Il n’en fallait pas plus pour confondre les autorités et conforter l’opinion dans sa thèse consistant à affirmer urbi et orbi que la justice gabonaise, en dehors d’être aux ordres, est corrompue. Comment ne pas alors croire le Ministre de la justice, Francis Nkéa Ndzigue, qui vient lever un pan du voile sur ce qui paraissait encore tabou, il y a quelques temps, en jetant à la face de ses compatriotes dont cela ne constitue point une surprise pour nombre d’entre eux, que les magistrats sont corrompus. Et paf ! Comment cela sera-t-il interprété par ces derniers dont la collusion avec le pouvoir est pourtant avérée ?

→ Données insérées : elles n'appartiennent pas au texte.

lemma span_scaled_monos:
  assumes c: "\<And>k. k \<in> K \<Longrightarrow> c k \<noteq> 0"
  shows "M.span ((\<lambda>k. cscale (c k) (mono k)) ` K) = finsupp_on K"
proof
  show "M.span ((\<lambda>k. cscale (c k) (mono k)) ` K) \<subseteq> finsupp_on K"
    by (intro M.span_minimal subspace_finsupp_on)
      (auto simp: finsupp_on_def cscale_mono_apply split: if_splits)
next
  show "finsupp_on K \<subseteq> M.span ((\<lambda>k. cscale (c k) (mono k)) ` K)"
  proof
    fix p assume p: "p \<in> finsupp_on K"
    have "cscale (p x) (mono x) \<in> M.span ((\<lambda>k. cscale (c k) (mono k)) ` K)" if "p x \<noteq> 0" for x
    proof -
      have x: "x \<in> K" using that p by (auto simp: finsupp_on_def)
      have "cscale (p x) (mono x) = cscale (p x / c x) (cscale (c x) (mono x))"
        using c[OF x] by (simp add: cscale_def fun_eq_iff)
      also have "\<dots> \<in> M.span ((\<lambda>k. cscale (c k) (mono k)) ` K)"
        using x by (intro M.span_scale M.span_base imageI)
      finally show ?thesis .
    qed
    then have "(\<Sum>x | p x \<noteq> 0. cscale (p x) (mono x)) \<in> M.span ((\<lambda>k. cscale (c k) (mono k)) ` K)"
      by (intro M.span_sum) simp
    then show "p \<in> M.span ((\<lambda>k. cscale (c k) (mono k)) ` K)"
      using p by (simp add: finsupp_on_def finsupp_expansion)
  qed
qed

lemma independent_scaled_monos:
  assumes c: "\<And>k. k \<in> K \<Longrightarrow> c k \<noteq> 0"
  shows "\<not> M.dependent ((\<lambda>k. cscale (c k) (mono k)) ` K)"
proof
  let ?b = "\<lambda>k. cscale (c k) (mono k)"
  assume "M.dependent (?b ` K)"
  then obtain t u v0 where t: "finite t" "t \<subseteq> ?b ` K" and lin: "(\<Sum>v\<in>t. cscale (u v) v) = 0"
    and v0: "v0 \<in> t" "u v0 \<noteq> 0"
    unfolding M.dependent_explicit by blast
  obtain k0 where k0: "k0 \<in> K" "v0 = ?b k0" using v0 t by blast
  have others: "u v * v k0 = 0" if v: "v \<in> t - {v0}" for v
  proof -
    obtain k where "k \<in> K" "v = ?b k" using v t by blast
    then show ?thesis using v k0 by (auto simp: cscale_mono_apply)
  qed
  \<comment> \<open>Evaluating the relation at \<open>k0\<close> isolates the coefficient of \<open>v0\<close>.\<close>
  have "0 = (\<Sum>v\<in>t. u v * v k0)"
    using fun_cong[OF lin, of k0] by (simp add: sum_fun_apply cscale_def)
  also have "\<dots> = u v0 * v0 k0"
    using sum.remove[OF t(1) v0(1), of "\<lambda>v. u v * v k0"] others by simp
  also have "\<dots> = u v0 * c k0"
    using k0 by (simp add: cscale_mono_apply)
  finally show False
    using v0(2) c[OF k0(1)] by simp
qed

lemma support_qt_mult:
  "{x. qt_mult n \<sigma> \<omega> p q x \<noteq> 0} \<subseteq> (\<lambda>(k, l). k + l) ` ({k. p k \<noteq> 0} \<times> {l. q l \<noteq> 0})"
proof
  fix x assume "x \<in> {x. qt_mult n \<sigma> \<omega> p q x \<noteq> 0}"
  moreover have "qt_mult n \<sigma> \<omega> p q x = 0" if "{(k, l). p k \<noteq> 0 \<and> q l \<noteq> 0 \<and> k + l = x} = {}"
    unfolding qt_mult_def that by simp
  ultimately show "x \<in> (\<lambda>(k, l). k + l) ` ({k. p k \<noteq> 0} \<times> {l. q l \<noteq> 0})"
    by auto
qed

lemma qt_mult_finsupp_on:
  assumes "p \<in> finsupp_on K" "q \<in> finsupp_on K" and add: "\<And>k l. k \<in> K \<Longrightarrow> l \<in> K \<Longrightarrow> k + l \<in> K"
  shows "qt_mult n \<sigma> \<omega> p q \<in> finsupp_on K"
proof -
  let ?S = "(\<lambda>(k, l). k + l) ` ({k. p k \<noteq> 0} \<times> {l. q l \<noteq> 0})"
  have "finite ?S" "?S \<subseteq> K"
    using assms by (auto simp: finsupp_on_def)
  then show ?thesis
    using support_qt_mult[of n \<sigma> \<omega> p q] finite_subset by (auto simp: finsupp_on_def)
qed

definition bal_exps :: "nat \<Rightarrow> nat \<Rightarrow> (nat \<Rightarrow> nat \<Rightarrow> nat) \<Rightarrow> (nat \<Rightarrow> int) set" where
  "bal_exps n m side = {k \<in> expvecs n. balanced m side k}"

lemma bal_exps_add: "k \<in> bal_exps n m side \<Longrightarrow> l \<in> bal_exps n m side \<Longrightarrow> k + l \<in> bal_exps n m side"
  by (auto simp: bal_exps_def expvecs_def balanced_def algebra_simps)

lemma subspace_bal_alg: "M.subspace (bal_alg n m side \<omega>)"
proof (rule M.subspaceI)
  have "mono 0 \<in> bal_alg n m side \<omega>"
    by (rule bal_alg.gen) (auto simp: expvecs_def balanced_def)
  then have "cscale 0 (mono 0) \<in> bal_alg n m side \<omega>"
    by (rule bal_alg.smult)
  then show "0 \<in> bal_alg n m side \<omega>"
    by (simp add: cscale_def zero_fun_def)
qed (auto intro: bal_alg.add bal_alg.smult)

lemma bal_alg_eq_finsupp_on: "bal_alg n m side \<omega> = finsupp_on (bal_exps n m side)"
proof
  show "bal_alg n m side \<omega> \<subseteq> finsupp_on (bal_exps n m side)"
  proof
    fix p assume "p \<in> bal_alg n m side \<omega>"
    then show "p \<in> finsupp_on (bal_exps n m side)"
    proof (induction rule: bal_alg.induct)
      case (gen k)
      then show ?case by (auto simp: finsupp_on_def mono_def bal_exps_def)
    next
      case (add p q)
      then show ?case using M.subspace_add[OF subspace_finsupp_on] by blast
    next
      case (smult p c)
      then show ?case using M.subspace_scale[OF subspace_finsupp_on] by blast
    next
      case (mult p q)
      then show ?case by (intro qt_mult_finsupp_on bal_exps_add)
    qed
  qed
next
  have "M.span ((\<lambda>k. cscale 1 (mono k)) ` bal_exps n m side) \<subseteq> bal_alg n m side \<omega>"
    by (intro M.span_minimal subspace_bal_alg) (auto simp: bal_exps_def intro: bal_alg.gen)
  then show "finsupp_on (bal_exps n m side) \<subseteq> bal_alg n m side \<omega>"
    using span_scaled_monos[of "bal_exps n m side" "\<lambda>_. 1"] by simp
qed

lemma side_wt_eq_if_same_edge:
  assumes "w \<in> edge_weight_systems m side" "f < m" "a < 3" "f' < m" "a' < 3" "side f a = side f' a'"
  shows "side_wt w f a = side_wt w f' a'"
  using assms unfolding edge_weight_systems_def by blast

lemma edge_weight_systems_zero:
  "w \<in> edge_weight_systems m side \<Longrightarrow> m \<le> f \<or> 3 \<le> c \<Longrightarrow> w f c = 0"
  unfolding edge_weight_systems_def by blast

context
  fixes n m :: nat and side :: "nat \<Rightarrow> nat \<Rightarrow> nat"
  assumes tri: "ideal_triangulation n m side"
begin

lemma alpha_vec_side:
  assumes w: "w \<in> edge_weight_systems m side" and f: "f < m" and a: "a < 3"
  shows "alpha_vec n m side w (side f a) = side_wt w f a"
proof -
  define P where "P x \<longleftrightarrow> (\<exists>f'<m. \<exists>a'<3. side f' a' = side f a \<and> x = side_wt w f' a')" for x
  have "P (side_wt w f a)"
    unfolding P_def using f a by blast
  then have "P (SOME x. P x)"
    by (rule someI)
  then obtain f' a' where f': "f' < m" "a' < 3" "side f' a' = side f a"
    and some_eq: "(SOME x. P x) = side_wt w f' a'"
    unfolding P_def by blast
  have "(SOME x. P x) = side_wt w f a"
    unfolding some_eq by (rule side_wt_eq_if_same_edge[OF w f'(1,2) f a f'(3)])
  moreover have "side f a < n"
    using tri f a by (auto simp: ideal_triangulation_def)
  ultimately show ?thesis
    by (simp add: alpha_vec_def P_def[abs_def])
qed

lemma weight_from_alpha_vec:
  assumes w: "w \<in> edge_weight_systems m side" and f: "f < m" and c: "c < 3"
  shows "2 * w f c = alpha_vec n m side w (side f c) + alpha_vec n m side w (side f ((c + 1) mod 3))
                     - alpha_vec n m side w (side f ((c + 2) mod 3))"
proof -
  have "c = 0 \<or> c = 1 \<or> c = 2" using c by auto
  then show ?thesis
    using alpha_vec_side[OF w f] by (auto simp: side_wt_def numeral_2_eq_2)
qed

Si nous étions sous d’autres cieux, la dernière déclaration du Ministre gabonais de la Justice aurait très certainement fait l’effet d’un pavé dans la marre. Et des toges auraient été brulées ou des magistrats se seraient mis en grève. Car, ce qui pousse Francis Nkéa Ndzigue à faire cette sortie n’est autre qu’un face-à-face avec une juge d’instruction qui aurait libéré un prévenu, chose que condamne l’autorité politique, s’appuyant sur l’argument selon lequel la personne élargie n’est autre qu’un bandit de grand chemin. Convoquée au cabinet du patron de la justice, la juge d’instruction a été couverte de menaces, y compris de suspension de salaire. Ce qui a provoqué une levée de bouclier dans la presse locale, souvent friande de tels faits. Laquelle presse qui s’étonnait sans doute sous le couvert d’hommes de lois que le politique s’immisce dans les affaires judiciaires au point de convoquer un magistrat dans l’exercice de ses fonctions.
Fallait-il à Francis Nkéa Ndzigue se comporter de la sorte quand on sait qu’il est lui-même homme de loi ? N’y avait-il pas mieux à faire ? Ses conseillers ont-ils été consultés ? Si oui, que lui ont-ils suggéré ? Ce sont là les questions que se posent de nombreux citoyens, même ceux qui ne sont pas très au fait des problèmes judiciaires, en ces moments où l’on pointe un doigt accusateur sur les autorités dont on ne cesse de dénoncer les entraves à la justice. Dans quel registre le Ministre gabonais de la Justice a-t-il placé le sacro-saint principe de la séparation des pouvoirs que nous devons à nos « ancêtres les Gaulois » ? Quelle proposition émet-il pour que ces magistrats qu’il dit corrompus ne le soient plus ? En fait, est-ce la première fois qu’une telle affirmation est soutenue, nonobstant d’où elle vient sans que cela n’émeuve personne, sauf peut-être ceux qui se retournent dans leur tombe à l’idée de savoir qu’il y a quelque chose qui semble ne plus tourner rond à Gabao.
Depuis que le pays a acquis son indépendance le 17 août 1960, jamais un Ministre de la Justice, à moins qu’on nous apporte la preuve du contraire, n’a osé tenir pareille propos vis-à-vis des magistrats. Est-ce le début d’une nouvelle ère ? Laquelle ? En tout cas, cela risque de jeter un discrédit sur cette justice déjà accusée de plusieurs maux et remettre en cause l’autorité même de l’État, à travers ceux qui l’incarnent, à savoir les membres du Gouvernement. L’on a souvent avancé que l’impunité était une règle d’or au Gabon, cette idée ne se renforcera-t-elle pas après la sortie du Ministre de la Justice ? Qu’adviendra-t-il de l’interprétation qu’en feront les citoyens dont nombre ont des affaires pendantes au tribunal et affirment avoir raison ? Peut-être allons- nous vers la fin de la justice à deux vitesses.